Yung Kong Galvanising Industries Bhd reported earnings results for the first quarter ended March 31, 2008. The company has registered first quarter pre-tax profit of MYR 6.611 million ($2.1 million), an improvement of 381.9% year-on-year thanks to the surge in steel prices. The steelmaker's revenue rose 23.3% to MYR 121.378 million for the three months ended 31 March 2008 against MYR 98.451 million for the previous corresponding period. Earnings per share rose to 6.77 sen from 1.13 sen previously.
Yeah, what was mentioned by forumer is true, why raising fund ? for a continue sound of business plan ? or paying debt ? Is the below subcription of right issue worth while ?
Renounceable rights issue of 65,178,300 Rights Shares together with 65,178,300free detachable Warrants at an issue price of RM0.50 per Rights Share (of which the first call of RM0.35 is payable in cash on application and the second callof RM0.15 is capitalised from the company’s revaluation reserve account andretained profit account) on the basis of one (1) Rights Share together with one(1) free detachable Warrant for every two (2) existing Shares (“Rights Issue with Warrants”) held at the Entitlement Date.
Lets mathematically the above by below example :-
1) Your holding of 2000 shares @ closing price of 0.64 sen = 640 X 2 = RM1280
2) Get to subscribe the right issue, you pay RM350 + RM10 (stamp duty) = RM360
3) Percentage of discount based on closing price = (0.64 - 0.35)/0.64 X 100 = 45%
4) Plus a free warrant (wonder how much is the listing price when it get listed, just assume this is bonus, since it is given free)
Looks pretty impressive to subscribe with a discount of 45% plus a free warrant but all this subject to the following :-
5) Your eventual holding is 3000 shares, that bring you an overall average price of = (1280 + 360)/3000 = 0.55sen
6) Ex-right will bring the share price adjusted to 0.55sen, if the closing is still 0.64 on 9/6/2008. Do you think at 0.55sen is still a good valuation ?
7) With additional new shares, the paid up capital increases, diluted and liquitity increases as well, these in turn will affect the EPS.
8) Now come to a more concern area, how overwelming is the subscription as mentioned by DoReMe ? If fully subscribed or a high subscription of the rights issue then YK happy and pocket the raised fund and everything stay normal...what if the underwriter has a,
9) undersubscribe shares, then a big problem arise here. They may then left no choice but to try sell the surplus new shares in the market, this will lead to a effective depression of the share price.

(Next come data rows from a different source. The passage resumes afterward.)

theorem corollary7:
  fixes \<alpha> x :: real and p :: "real poly"
  assumes "0 < \<alpha>" and "\<alpha> < 1" and "0 < x"
  shows "\<exists>C. \<exists>N\<ge>2. \<forall>n\<ge>N.
           \<bar>caputo \<alpha> (poly p) x
             - (1 / (Gamma (2 - \<alpha>) * (x / real n) powr \<alpha>)) *
               (\<Sum>k=0..n. delta_coef \<alpha> n k * poly p (real (n - k) * (x / real n)))\<bar>
           \<le> C * (x / real n)^2"
proof -
  define q where "q = p \<circ>\<^sub>p [:x, -1:]"
  obtain K where K: "\<And>i n. n \<ge> 2 \<Longrightarrow> \<bar>monomial_error \<alpha> x n i\<bar> \<le> K i * (x / real n) ^ 2"
    using monomial_error_bound[OF assms] by metis
  have "\<bar>caputo \<alpha> (poly p) x
          - (1 / (Gamma (2 - \<alpha>) * (x / real n) powr \<alpha>)) *
            (\<Sum>k=0..n. delta_coef \<alpha> n k * poly p (real (n - k) * (x / real n)))\<bar>
        \<le> (\<Sum>i\<le>degree q. \<bar>coeff q i\<bar> * K i) * (x / real n) ^ 2" if n: "n \<ge> 2" for n
  proof -
    have "\<bar>\<Sum>i\<le>degree q. coeff q i * monomial_error \<alpha> x n i\<bar>
        \<le> (\<Sum>i\<le>degree q. \<bar>coeff q i\<bar> * (K i * (x / real n) ^ 2))"
      by (rule order_trans[OF sum_abs sum_mono]) (simp add: abs_mult mult_left_mono K n)
    also have "\<dots> = (\<Sum>i\<le>degree q. \<bar>coeff q i\<bar> * K i) * (x / real n) ^ 2"
      by (simp add: sum_distrib_right mult.assoc)
    finally show ?thesis
      using n unfolding q_def by (subst scheme_error_poly[OF assms]) simp_all
  qed
  then show ?thesis by blast
qed

end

With the above you make the judgement. Personally, i think YUNKONG has a healthly BS and profit surge. Is normal for one to raise fund for company expansion unless a bad management has bad intention behind it but this company has been around for 30 years so i doubt it. Therefore should not be a problem subscribing the right issue with a 45% discount but anything can happen. Again this does not represent a BUY, act at you own risk. Bye, happy trading.